Additional context I add a similar problem when scraping TikTok with Selenium without an undetected webdriver and trying to scroll down.

bbeyrie commented 1 year ago

Fail

JeanBG commented 1 year ago

I'm having the same problem. How did you fix it?

bbeyrie commented 1 year ago

Well Tiktok maybe softbanned your IP (so try a proxy) or check this https://github.com/Russell-Newton/TikTokPy/issues/33#issuecomment-1448708382 (VM/Container/Server part) The scrolling is working again on local, but I used temporarily https://github.com/seleniumbase/SeleniumBase to scroll and retrieve all videos in a challenge/hashtag

JeanBG commented 1 year ago

Thank you!

RenHong-HC commented 1 year ago

@bbeyrie Hello, may I ask if you have solved the problem that you can't get more data?

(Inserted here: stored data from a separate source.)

lemma sesq_form_mult_mat_vec:
  assumes "X \<in> carrier_mat n n" and "v \<in> carrier_vec n"
  shows "sesq_form n X u v = (\<Sum>i<n. cnj (u $ i) * (X *\<^sub>v v) $ i)"
  using assms unfolding sesq_form_def
  by (intro sum.cong refl)
     (simp add: index_mult_mat_vec_sum sum_distrib_left mult.assoc del: index_mult_mat_vec)

lemma sum_cnj_mult_mat_vec_adjoint:
  assumes K: "K \<in> carrier_mat n m" and u: "u \<in> carrier_vec n" and y: "y \<in> carrier_vec m"
  shows "(\<Sum>i<n. cnj (u $ i) * (K *\<^sub>v y) $ i) = (\<Sum>k<m. cnj ((mat_adjoint K *\<^sub>v u) $ k) * y $ k)"
proof -
  have "(\<Sum>i<n. cnj (u $ i) * (K *\<^sub>v y) $ i) = (\<Sum>i<n. \<Sum>k<m. cnj (u $ i) * K $$ (i, k) * y $ k)"
    using K y by (intro sum.cong refl)
      (simp add: index_mult_mat_vec_sum sum_distrib_left mult.assoc del: index_mult_mat_vec)
  also have "\<dots> = (\<Sum>k<m. \<Sum>i<n. cnj (u $ i) * K $$ (i, k) * y $ k)"
    by (rule sum.swap)
  also have "\<dots> = (\<Sum>k<m. cnj ((mat_adjoint K *\<^sub>v u) $ k) * y $ k)"
    using K u mat_adjoint_carrier[OF K]
    by (intro sum.cong refl)
       (simp add: index_mult_mat_vec_sum index_mat_adjoint sum_distrib_left sum_distrib_right
          mult_ac del: index_mult_mat_vec)
  finally show ?thesis .
qed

bbeyrie commented 1 year ago

@RenHong-HC Sadly not, the scrolling in Azure doesn't work for me, I did a screen capture to see what happen but can't manage to solve it (seems components are not loading) .... dat

On local behind proxy tho I use SeleniumBase with the integrated Chrome Devtool Protocol, but it's a DIY thing:

from seleniumbase import Driver
driver = Driver(uc=True, headless=False, uc_cdp_events=True)
events, contents = [], []
driver.add_cdp_listener("Network.requestWillBeSentExtraInfo", lambda data: events.append(data)
                            if "api/challenge/item_list/" in data.get('params',{}).get('headers',{}).get(':path','') else None)
driver.get(f"https://www.tiktok.com/tag/{challenge}")
while True:
  ###CODE TO SCROLL DOWN
  for x in events:
      contents = contents + [json.loads(driver.execute_cdp_cmd('Network.getResponseBody',
          {
              "requestId": f"{x.get('params',{}).get('requestId')}",
          }).get('body',{}))]
      events.remove(x)    
  ###if bottom:
    ###break